* _What to do_:
Here is a listing; work out how many of its lines contain the word "tpsi", and state only that number.
START Supplied entries
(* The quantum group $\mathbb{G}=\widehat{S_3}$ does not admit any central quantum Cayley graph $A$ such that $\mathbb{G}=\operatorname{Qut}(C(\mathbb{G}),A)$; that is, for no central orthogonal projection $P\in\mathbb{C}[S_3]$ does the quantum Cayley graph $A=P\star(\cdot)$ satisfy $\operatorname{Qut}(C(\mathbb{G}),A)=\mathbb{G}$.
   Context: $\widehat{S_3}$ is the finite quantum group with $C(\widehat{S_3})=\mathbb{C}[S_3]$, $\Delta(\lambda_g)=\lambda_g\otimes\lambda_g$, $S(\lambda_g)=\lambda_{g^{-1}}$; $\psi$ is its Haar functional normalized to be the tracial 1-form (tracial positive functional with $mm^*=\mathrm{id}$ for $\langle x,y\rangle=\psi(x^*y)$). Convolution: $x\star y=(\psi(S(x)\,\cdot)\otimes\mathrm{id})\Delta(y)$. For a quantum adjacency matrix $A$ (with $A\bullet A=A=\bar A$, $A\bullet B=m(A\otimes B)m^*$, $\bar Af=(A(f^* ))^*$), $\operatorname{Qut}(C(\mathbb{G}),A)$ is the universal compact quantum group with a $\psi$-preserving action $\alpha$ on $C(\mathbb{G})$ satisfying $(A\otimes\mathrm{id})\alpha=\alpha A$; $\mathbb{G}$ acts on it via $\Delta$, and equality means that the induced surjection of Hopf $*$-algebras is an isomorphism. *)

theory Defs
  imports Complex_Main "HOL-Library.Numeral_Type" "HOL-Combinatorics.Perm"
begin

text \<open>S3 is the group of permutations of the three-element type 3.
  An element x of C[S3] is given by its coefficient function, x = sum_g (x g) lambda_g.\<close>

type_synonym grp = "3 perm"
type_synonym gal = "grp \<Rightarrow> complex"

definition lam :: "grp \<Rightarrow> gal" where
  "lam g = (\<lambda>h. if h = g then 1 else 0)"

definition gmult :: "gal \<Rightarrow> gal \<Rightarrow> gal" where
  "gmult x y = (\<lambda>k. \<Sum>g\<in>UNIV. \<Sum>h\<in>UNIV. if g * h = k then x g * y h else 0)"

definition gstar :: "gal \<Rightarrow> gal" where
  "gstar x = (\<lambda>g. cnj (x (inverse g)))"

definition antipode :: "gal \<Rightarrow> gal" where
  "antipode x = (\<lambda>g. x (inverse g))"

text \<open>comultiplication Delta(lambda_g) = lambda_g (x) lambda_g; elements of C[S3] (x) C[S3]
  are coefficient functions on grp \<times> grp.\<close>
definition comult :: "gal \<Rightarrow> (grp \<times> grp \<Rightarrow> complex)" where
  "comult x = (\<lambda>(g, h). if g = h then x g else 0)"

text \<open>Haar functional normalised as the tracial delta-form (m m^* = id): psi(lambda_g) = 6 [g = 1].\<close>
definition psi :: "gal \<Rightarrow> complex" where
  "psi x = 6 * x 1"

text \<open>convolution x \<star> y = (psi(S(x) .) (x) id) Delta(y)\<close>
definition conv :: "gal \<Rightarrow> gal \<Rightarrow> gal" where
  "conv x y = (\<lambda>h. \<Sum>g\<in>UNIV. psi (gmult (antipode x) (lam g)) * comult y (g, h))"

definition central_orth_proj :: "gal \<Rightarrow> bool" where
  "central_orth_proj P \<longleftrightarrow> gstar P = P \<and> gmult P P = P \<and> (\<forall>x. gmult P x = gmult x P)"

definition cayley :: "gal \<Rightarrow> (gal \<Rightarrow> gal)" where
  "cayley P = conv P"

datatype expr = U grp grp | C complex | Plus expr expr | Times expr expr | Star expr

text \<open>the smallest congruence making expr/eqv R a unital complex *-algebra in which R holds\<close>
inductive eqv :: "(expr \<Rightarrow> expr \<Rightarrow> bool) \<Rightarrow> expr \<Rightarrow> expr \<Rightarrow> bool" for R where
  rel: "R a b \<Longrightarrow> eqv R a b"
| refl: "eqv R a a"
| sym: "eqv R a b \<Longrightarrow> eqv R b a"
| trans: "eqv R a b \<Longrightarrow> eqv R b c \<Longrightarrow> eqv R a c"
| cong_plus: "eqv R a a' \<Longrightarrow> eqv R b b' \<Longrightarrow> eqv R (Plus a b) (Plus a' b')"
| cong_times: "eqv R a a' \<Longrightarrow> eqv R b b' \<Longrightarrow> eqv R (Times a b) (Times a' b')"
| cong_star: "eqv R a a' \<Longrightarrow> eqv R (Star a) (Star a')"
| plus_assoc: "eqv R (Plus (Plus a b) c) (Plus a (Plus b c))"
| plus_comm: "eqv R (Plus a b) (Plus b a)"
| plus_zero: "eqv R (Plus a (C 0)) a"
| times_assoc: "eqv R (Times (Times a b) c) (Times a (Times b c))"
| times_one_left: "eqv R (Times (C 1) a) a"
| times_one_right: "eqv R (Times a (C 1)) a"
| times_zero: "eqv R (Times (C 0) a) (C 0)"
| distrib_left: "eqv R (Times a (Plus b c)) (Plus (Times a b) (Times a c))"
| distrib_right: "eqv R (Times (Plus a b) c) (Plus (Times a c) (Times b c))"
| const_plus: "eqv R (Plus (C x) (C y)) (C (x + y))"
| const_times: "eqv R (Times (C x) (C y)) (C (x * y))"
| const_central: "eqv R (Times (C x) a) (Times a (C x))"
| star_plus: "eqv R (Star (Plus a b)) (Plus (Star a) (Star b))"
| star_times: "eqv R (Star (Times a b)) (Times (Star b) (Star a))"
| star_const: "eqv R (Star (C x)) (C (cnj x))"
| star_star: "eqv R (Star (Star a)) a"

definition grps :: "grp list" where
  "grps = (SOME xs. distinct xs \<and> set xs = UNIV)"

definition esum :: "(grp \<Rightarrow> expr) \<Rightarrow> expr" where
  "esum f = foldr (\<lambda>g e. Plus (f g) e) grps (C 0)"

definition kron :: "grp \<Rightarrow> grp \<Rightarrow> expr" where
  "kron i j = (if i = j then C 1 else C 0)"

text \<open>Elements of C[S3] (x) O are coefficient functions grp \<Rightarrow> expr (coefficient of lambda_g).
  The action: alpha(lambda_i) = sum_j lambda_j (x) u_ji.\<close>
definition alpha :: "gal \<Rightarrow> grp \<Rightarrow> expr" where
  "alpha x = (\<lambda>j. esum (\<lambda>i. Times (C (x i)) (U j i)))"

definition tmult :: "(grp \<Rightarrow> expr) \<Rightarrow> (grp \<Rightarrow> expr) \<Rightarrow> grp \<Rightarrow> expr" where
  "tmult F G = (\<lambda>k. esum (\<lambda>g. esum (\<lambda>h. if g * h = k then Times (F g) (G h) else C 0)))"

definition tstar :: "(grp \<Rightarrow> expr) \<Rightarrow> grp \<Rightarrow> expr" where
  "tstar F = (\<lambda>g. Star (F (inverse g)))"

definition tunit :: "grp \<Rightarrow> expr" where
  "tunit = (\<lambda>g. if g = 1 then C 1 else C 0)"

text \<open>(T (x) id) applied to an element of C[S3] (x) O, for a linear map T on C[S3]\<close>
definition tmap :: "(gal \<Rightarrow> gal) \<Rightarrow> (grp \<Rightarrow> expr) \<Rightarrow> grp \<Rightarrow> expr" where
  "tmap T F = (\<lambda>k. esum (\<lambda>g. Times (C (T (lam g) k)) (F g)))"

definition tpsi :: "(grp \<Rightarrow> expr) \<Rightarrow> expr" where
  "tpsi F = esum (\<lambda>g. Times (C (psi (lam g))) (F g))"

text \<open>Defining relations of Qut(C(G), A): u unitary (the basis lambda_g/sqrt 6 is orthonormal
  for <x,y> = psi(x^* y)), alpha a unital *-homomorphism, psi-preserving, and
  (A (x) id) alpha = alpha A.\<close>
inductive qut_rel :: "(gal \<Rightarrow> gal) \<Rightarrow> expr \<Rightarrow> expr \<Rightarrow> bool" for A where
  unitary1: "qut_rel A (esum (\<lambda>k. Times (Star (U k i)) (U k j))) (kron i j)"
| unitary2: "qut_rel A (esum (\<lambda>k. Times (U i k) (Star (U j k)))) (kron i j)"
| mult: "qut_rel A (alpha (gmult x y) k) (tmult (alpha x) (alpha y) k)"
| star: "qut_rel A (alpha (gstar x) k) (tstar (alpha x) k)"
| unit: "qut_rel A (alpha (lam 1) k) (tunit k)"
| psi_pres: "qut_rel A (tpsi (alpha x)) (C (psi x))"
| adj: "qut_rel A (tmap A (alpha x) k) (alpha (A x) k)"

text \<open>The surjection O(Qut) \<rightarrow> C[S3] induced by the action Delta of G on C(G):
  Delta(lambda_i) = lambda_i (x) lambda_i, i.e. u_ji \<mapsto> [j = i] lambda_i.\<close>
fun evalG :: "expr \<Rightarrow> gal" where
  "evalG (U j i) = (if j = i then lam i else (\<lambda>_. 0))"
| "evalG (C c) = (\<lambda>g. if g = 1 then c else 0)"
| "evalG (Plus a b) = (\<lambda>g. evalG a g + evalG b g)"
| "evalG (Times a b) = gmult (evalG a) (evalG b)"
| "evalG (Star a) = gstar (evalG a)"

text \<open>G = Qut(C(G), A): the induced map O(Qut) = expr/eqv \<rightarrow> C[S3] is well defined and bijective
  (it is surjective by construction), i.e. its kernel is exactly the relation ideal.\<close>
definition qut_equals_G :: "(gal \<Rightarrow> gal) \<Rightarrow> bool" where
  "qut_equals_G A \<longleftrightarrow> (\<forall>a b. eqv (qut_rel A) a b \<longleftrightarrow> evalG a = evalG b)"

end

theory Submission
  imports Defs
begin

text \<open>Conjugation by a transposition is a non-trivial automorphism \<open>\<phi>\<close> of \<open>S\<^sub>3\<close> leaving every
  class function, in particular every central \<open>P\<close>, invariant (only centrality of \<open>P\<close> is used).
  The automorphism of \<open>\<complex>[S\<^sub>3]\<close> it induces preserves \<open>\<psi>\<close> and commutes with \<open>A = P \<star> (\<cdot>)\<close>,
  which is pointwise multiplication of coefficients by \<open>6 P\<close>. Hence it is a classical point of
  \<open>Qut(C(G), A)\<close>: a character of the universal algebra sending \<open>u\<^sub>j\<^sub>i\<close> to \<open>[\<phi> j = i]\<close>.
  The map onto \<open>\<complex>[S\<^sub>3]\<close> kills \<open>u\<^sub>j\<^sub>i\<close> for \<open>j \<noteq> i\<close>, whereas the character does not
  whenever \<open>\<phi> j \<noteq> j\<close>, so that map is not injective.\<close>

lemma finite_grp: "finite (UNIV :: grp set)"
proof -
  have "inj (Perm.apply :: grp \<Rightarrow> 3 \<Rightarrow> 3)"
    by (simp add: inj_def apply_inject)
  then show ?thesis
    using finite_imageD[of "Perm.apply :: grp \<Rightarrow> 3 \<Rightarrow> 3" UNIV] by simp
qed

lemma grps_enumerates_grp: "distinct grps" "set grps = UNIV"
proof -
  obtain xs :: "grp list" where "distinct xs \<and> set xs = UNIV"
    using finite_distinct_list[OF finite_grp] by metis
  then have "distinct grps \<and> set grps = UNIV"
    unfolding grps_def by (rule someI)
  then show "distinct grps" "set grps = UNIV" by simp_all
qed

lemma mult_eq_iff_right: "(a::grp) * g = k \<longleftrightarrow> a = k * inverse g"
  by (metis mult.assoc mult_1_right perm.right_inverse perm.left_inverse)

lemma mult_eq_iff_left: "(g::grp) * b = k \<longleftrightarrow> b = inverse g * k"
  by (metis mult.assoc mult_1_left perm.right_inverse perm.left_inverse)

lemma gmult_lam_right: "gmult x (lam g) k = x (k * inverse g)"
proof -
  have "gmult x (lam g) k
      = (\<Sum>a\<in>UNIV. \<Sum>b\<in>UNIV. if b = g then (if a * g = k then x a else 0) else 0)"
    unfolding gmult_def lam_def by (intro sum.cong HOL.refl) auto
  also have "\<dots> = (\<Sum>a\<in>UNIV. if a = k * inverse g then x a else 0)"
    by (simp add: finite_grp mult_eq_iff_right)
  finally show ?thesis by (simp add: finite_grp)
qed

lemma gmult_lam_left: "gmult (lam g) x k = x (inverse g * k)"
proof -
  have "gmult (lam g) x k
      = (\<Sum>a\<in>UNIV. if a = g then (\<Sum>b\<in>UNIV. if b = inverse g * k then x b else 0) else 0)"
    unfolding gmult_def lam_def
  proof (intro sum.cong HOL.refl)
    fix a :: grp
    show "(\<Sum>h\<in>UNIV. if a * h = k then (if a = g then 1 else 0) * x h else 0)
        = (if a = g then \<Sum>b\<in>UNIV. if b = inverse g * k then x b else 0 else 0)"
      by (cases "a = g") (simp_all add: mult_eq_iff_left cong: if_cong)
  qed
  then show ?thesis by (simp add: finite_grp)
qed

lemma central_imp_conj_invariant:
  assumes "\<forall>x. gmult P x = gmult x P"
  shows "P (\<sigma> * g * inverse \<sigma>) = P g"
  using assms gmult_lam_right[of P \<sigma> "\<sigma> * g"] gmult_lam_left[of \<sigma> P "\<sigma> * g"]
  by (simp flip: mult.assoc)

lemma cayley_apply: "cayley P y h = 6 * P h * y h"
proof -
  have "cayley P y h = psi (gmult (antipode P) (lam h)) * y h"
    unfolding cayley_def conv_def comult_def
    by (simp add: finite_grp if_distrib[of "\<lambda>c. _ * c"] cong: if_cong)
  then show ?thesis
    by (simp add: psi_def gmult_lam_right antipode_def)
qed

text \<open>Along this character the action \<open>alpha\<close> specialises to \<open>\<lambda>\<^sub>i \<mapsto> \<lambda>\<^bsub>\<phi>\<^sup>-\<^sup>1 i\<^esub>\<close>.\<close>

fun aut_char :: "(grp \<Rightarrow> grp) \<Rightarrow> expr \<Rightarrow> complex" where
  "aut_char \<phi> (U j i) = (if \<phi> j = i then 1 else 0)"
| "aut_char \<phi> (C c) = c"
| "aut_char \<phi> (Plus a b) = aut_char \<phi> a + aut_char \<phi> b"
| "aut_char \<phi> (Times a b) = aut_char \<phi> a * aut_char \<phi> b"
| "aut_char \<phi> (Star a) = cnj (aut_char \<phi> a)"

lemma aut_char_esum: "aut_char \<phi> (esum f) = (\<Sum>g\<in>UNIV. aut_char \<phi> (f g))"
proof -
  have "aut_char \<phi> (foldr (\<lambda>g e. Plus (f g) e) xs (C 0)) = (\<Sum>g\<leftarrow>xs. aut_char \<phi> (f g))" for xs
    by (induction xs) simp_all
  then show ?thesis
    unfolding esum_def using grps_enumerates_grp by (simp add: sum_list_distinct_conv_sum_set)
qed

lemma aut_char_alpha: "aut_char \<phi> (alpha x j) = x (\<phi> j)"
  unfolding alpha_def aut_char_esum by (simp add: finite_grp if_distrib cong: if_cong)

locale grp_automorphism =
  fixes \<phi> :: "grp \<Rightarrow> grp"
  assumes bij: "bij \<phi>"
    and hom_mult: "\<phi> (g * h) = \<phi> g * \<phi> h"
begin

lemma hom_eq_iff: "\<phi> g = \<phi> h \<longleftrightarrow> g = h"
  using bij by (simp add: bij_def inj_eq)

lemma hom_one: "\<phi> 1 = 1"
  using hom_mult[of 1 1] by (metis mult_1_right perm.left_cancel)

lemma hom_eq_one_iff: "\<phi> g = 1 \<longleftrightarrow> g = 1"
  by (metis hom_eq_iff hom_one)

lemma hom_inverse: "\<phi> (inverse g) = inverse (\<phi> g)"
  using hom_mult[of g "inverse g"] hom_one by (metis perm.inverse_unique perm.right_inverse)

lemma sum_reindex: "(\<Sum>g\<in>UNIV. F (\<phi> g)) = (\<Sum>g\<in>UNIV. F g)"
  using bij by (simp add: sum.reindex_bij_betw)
END Supplied entries
* _Result below_:
3